Exercise:
Search the entries for the word "ultimately" and pull out each line that has it.

[[ Data extract open ]]

lemma prod_one_plus_close_to_one:
  fixes f :: "'a \<Rightarrow> real"
  assumes "finite K" and "\<forall>k\<in>K. \<bar>f k\<bar> \<le> t" and "real (card K) * t \<le> 1/2"
  shows "\<bar>(\<Prod>k\<in>K. 1 + f k) - 1\<bar> \<le> 2 * real (card K) * t"
  using assms
proof (induction K rule: finite_induct)
  case empty
  then show ?case by simp
next
  case (insert a F)
  let ?P = "\<Prod>k\<in>F. 1 + f k"
  have fa: "\<bar>f a\<bar> \<le> t" using insert.prems by simp
  then have "0 \<le> t" by (meson abs_ge_zero order_trans)
  then have "real (card F) * t \<le> 1/2" using insert by (simp add: algebra_simps)
  then have IH: "\<bar>?P - 1\<bar> \<le> 2 * real (card F) * t" using insert by simp
  with \<open>real (card F) * t \<le> 1/2\<close> have "\<bar>?P\<bar> \<le> 2" by linarith
  with fa have "\<bar>f a * ?P\<bar> \<le> t * 2" unfolding abs_mult by (intro mult_mono) auto
  moreover have "(\<Prod>k\<in>insert a F. 1 + f k) - 1 = (?P - 1) + f a * ?P"
    using insert by (simp add: algebra_simps)
  ultimately show ?case using IH insert(1,2) abs_triangle_ineq[of "?P - 1" "f a * ?P"]
    by (simp add: algebra_simps)
qed

lemma abs_sqrt_minus_one_le:
  fixes y :: real
  assumes "0 \<le> y"
  shows "\<bar>sqrt y - 1\<bar> \<le> \<bar>y - 1\<bar>"
proof -
  have "\<bar>sqrt y - 1\<bar> \<le> \<bar>sqrt y - 1\<bar> * (sqrt y + 1)"
    using assms by (simp add: mult_le_cancel_left1)
  also have "\<dots> = \<bar>(sqrt y - 1) * (sqrt y + 1)\<bar>"
    using assms by (simp add: abs_mult)
  also have "\<dots> = \<bar>y - 1\<bar>"
    using assms by (simp add: algebra_simps)
  finally show ?thesis .
qed

lemma abs_sqrt_mult_minus_one_le:
  fixes A B e :: real
  assumes "\<bar>A - 1\<bar> \<le> e" "\<bar>B - 1\<bar> \<le> e" "e \<le> 1" "0 \<le> A" "0 \<le> B"
  shows "\<bar>sqrt A * sqrt B - 1\<bar> \<le> 3 * e"
proof -
  have "\<bar>sqrt A * sqrt B - 1\<bar> \<le> \<bar>(A - 1) * B + (B - 1)\<bar>"
    using abs_sqrt_minus_one_le[of "A * B"] assms by (simp add: real_sqrt_mult algebra_simps)
  also have "\<dots> \<le> \<bar>A - 1\<bar> * \<bar>B\<bar> + \<bar>B - 1\<bar>"
    by (metis abs_mult abs_triangle_ineq)
  also have "\<bar>A - 1\<bar> * \<bar>B\<bar> \<le> e * 2"
    using assms by (intro mult_mono) auto
  finally show ?thesis using assms(2) by linarith
qed

lemma scale_sq_close_to_one:
  fixes c \<delta> :: real
  assumes "sqrt (1 - \<delta>) \<le> c" and "c \<le> sqrt (1 + \<delta>)" and "\<delta> \<le> 1"
  shows "0 \<le> c" and "\<bar>c^2 - 1\<bar> \<le> \<delta>"
proof -
  show c0: "0 \<le> c" using assms(1,3) real_sqrt_ge_zero[of "1 - \<delta>"] by linarith
  have "1 - \<delta> \<le> c^2"
    using power_mono[OF assms(1), of 2] assms(3) by simp
  moreover have "0 \<le> sqrt (1 + \<delta>)" using assms(2) c0 by linarith
  then have "c^2 \<le> 1 + \<delta>"
    using power_mono[OF assms(2) c0, of 2] by simp
  ultimately show "\<bar>c^2 - 1\<bar> \<le> \<delta>" by linarith
qed

lemma abs_mult_minus_one_le:
  fixes c c' \<delta> :: real
  assumes "0 \<le> c" "0 \<le> c'" "\<bar>c^2 - 1\<bar> \<le> \<delta>" "\<bar>c'^2 - 1\<bar> \<le> \<delta>" "\<delta> \<le> 1"
  shows "\<bar>c * c' - 1\<bar> \<le> \<delta>"
proof -
  have lo: "1 - \<delta> \<le> c^2" "1 - \<delta> \<le> c'^2" and hi: "c^2 \<le> 1 + \<delta>" "c'^2 \<le> 1 + \<delta>"
    using assms(3,4) by (simp_all add: abs_le_iff)
  have "(1 - \<delta>)^2 \<le> (c * c')^2"
    unfolding power_mult_distrib power2_eq_square[of "1 - \<delta>"]
    using assms(5) lo by (intro mult_mono) auto
  then have "1 - \<delta> \<le> c * c'" using assms(1,2) by (auto intro: power2_le_imp_le)
  moreover have "(c * c')^2 \<le> (1 + \<delta>)^2"
    unfolding power_mult_distrib power2_eq_square[of "1 + \<delta>"]
    using hi order_trans[OF zero_le_power2 hi(1)] by (intro mult_mono) auto
  then have "c * c' \<le> 1 + \<delta>" using lo(1) hi(1) by (auto intro: power2_le_imp_le)
  ultimately show ?thesis by linarith
qed

text \<open>The inner product of two images of \<open>\<psi>\<close> has this shape, with \<open>\<alpha>, \<beta>, b\<close> close to one. The error
  splits into the two overlap errors, at most \<open>N \<epsilon> + M \<epsilon>/2\<close>, and perturbation terms of size
  \<open>M (12 \<eta> + 4 \<delta>)\<close>.\<close>

lemma perturbed_inner_close:
  fixes \<alpha> \<beta> P q eps \<delta> \<eta> :: real and \<tau> \<tau>' b :: "nat \<Rightarrow> real"
  assumes alpha: "real N * \<bar>\<alpha> - 1\<bar> \<le> 3 * (2 * real M * \<eta> + \<delta> * real M)"
    and b: "\<forall>l\<in>{1..M}. \<bar>b l - 1\<bar> \<le> 3 * \<eta>"
    and P: "\<bar>P - real N * q\<bar> \<le> real N * eps" "\<bar>P\<bar> \<le> real N"
    and T: "\<bar>(\<Sum>l=1..M. \<tau> l * \<tau>' l) - real M * q\<bar> \<le> real M * (eps/2)"
      "(\<Sum>l=1..M. \<bar>\<tau> l * \<tau>' l\<bar>) \<le> real M"
    and beta: "\<bar>\<beta> - 1\<bar> \<le> \<delta>" "\<delta> \<le> 1/2"
    and eta: "0 \<le> \<eta>" "12 * \<eta> + 4 * \<delta> \<le> eps/2"
  shows "\<bar>\<alpha> * P + (\<Sum>l=1..M. \<beta> * (\<tau> l * \<tau>' l) * b l) - real (M + N) * q\<bar> \<le> real (M + N) * eps"
proof -
  define T where "T = (\<Sum>l=1..M. \<tau> l * \<tau>' l)"
  define E where "E = (\<Sum>l=1..M. \<tau> l * \<tau>' l * (b l - 1))"
  have "\<bar>E\<bar> \<le> (\<Sum>l=1..M. \<bar>\<tau> l * \<tau>' l\<bar> * (3 * \<eta>))"
    unfolding E_def abs_mult[symmetric] using b
    by (intro order_trans[OF sum_abs sum_mono]) (auto simp: abs_mult intro: mult_left_mono)
  also have "\<dots> \<le> real M * (3 * \<eta>)"
    using T(2) eta(1) by (simp add: mult_right_mono flip: sum_distrib_right)
  finally have E: "\<bar>E\<bar> \<le> 3 * \<eta> * real M" by (simp add: mult.commute)
  have "\<bar>T\<bar> \<le> real M" unfolding T_def using sum_abs T(2) by (rule order_trans)
  then have T_err: "\<bar>(\<beta> - 1) * T\<bar> \<le> \<delta> * real M"
    unfolding abs_mult using beta by (intro mult_mono) auto
  have E_err: "\<bar>\<beta> * E\<bar> \<le> 2 * (3 * \<eta> * real M)"
    unfolding abs_mult using beta E by (intro mult_mono) auto
  have P_err: "\<bar>(\<alpha> - 1) * P\<bar> \<le> 3 * (2 * real M * \<eta> + \<delta> * real M)"
    using alpha mult_left_mono[OF P(2) abs_ge_zero[of "\<alpha> - 1"]]
    by (simp add: abs_mult mult.commute)
  have triangle: "\<bar>x1 + x2 + x3 + x4 + x5\<bar> \<le> \<bar>x1\<bar> + \<bar>x2\<bar> + \<bar>x3\<bar> + \<bar>x4\<bar> + \<bar>x5\<bar>"
    for x1 x2 x3 x4 x5 :: real
    by (meson abs_triangle_ineq add_mono order_trans order_refl)
  have decomposition: "\<alpha> * P + (\<Sum>l=1..M. \<beta> * (\<tau> l * \<tau>' l) * b l) - real (M + N) * q
      = (P - real N * q) + (\<alpha> - 1) * P + (T - real M * q) + (\<beta> - 1) * T + \<beta> * E"
    unfolding T_def E_def by (simp add: sum_distrib_left sum.distrib[symmetric] algebra_simps)
  have "\<bar>\<alpha> * P + (\<Sum>l=1..M. \<beta> * (\<tau> l * \<tau>' l) * b l) - real (M + N) * q\<bar>
      \<le> real N * eps + 3 * (2 * real M * \<eta> + \<delta> * real M) + real M * (eps/2)
         + \<delta> * real M + 2 * (3 * \<eta> * real M)"
    unfolding decomposition
    using triangle[of "P - real N * q" "(\<alpha> - 1) * P" "T - real M * q" "(\<beta> - 1) * T" "\<beta> * E"]
      P(1) T(1)[folded T_def] P_err T_err E_err
    by linarith
  also have "\<dots> \<le> real (M + N) * eps"
    using mult_left_mono[OF eta(2), of "real M"] by (simp add: algebra_simps)
  finally show ?thesis .
qed

lemma on_sphere_sum_abs_mult_le:
  assumes "on_sphere K x" and "on_sphere K y"
  shows "(\<Sum>i=1..K. \<bar>x i * y i\<bar>) \<le> real K"
proof -
  have "(\<Sum>i=1..K. \<bar>x i * y i\<bar>) \<le> (\<Sum>i=1..K. ((x i)^2 + (y i)^2) / 2)"
  proof (rule sum_mono)
    fix i
    have "0 \<le> (\<bar>x i\<bar> - \<bar>y i\<bar>)^2" by simp
    then show "\<bar>x i * y i\<bar> \<le> ((x i)^2 + (y i)^2) / 2"
      by (simp add: power2_eq_square abs_mult algebra_simps)
  qed
  also have "\<dots> = real K"
    using assms unfolding on_sphere_def by (simp add: sum.distrib flip: sum_divide_distrib)
  finally show ?thesis .
qed

lemma overlap_close_iff:
  assumes "0 < K"
  shows "\<bar>overlap K \<sigma> \<sigma>' j j' - q\<bar> \<le> e
     \<longleftrightarrow> \<bar>(\<Sum>i=1..K. \<sigma> j i * \<sigma>' j' i) - real K * q\<bar> \<le> real K * e"
proof -
  have "(\<Sum>i=1..K. \<sigma> j i * \<sigma>' j' i) - real K * q = real K * (overlap K \<sigma> \<sigma>' j j' - q)"
    using assms by (simp add: overlap_def algebra_simps)
  then show ?thesis using assms by (simp add: abs_mult)
qed

definition a_sq :: "nat \<Rightarrow> nat \<Rightarrow> (nat \<Rightarrow> real) \<Rightarrow> nat \<Rightarrow> real" where
  "a_sq M N x l = (\<Prod>k=1..l-1. 1 + (1 - (x k)^2) / (real (M + N) - real k))"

[[ Data extract closed ]]

Answer to the exercise:
  ultimately show ?case using IH insert(1,2) abs_triangle_ineq[of "?P - 1" "f a * ?P"]
  ultimately show "\<bar>c^2 - 1\<bar> \<le> \<delta>" by linarith
  ultimately show ?thesis by linarith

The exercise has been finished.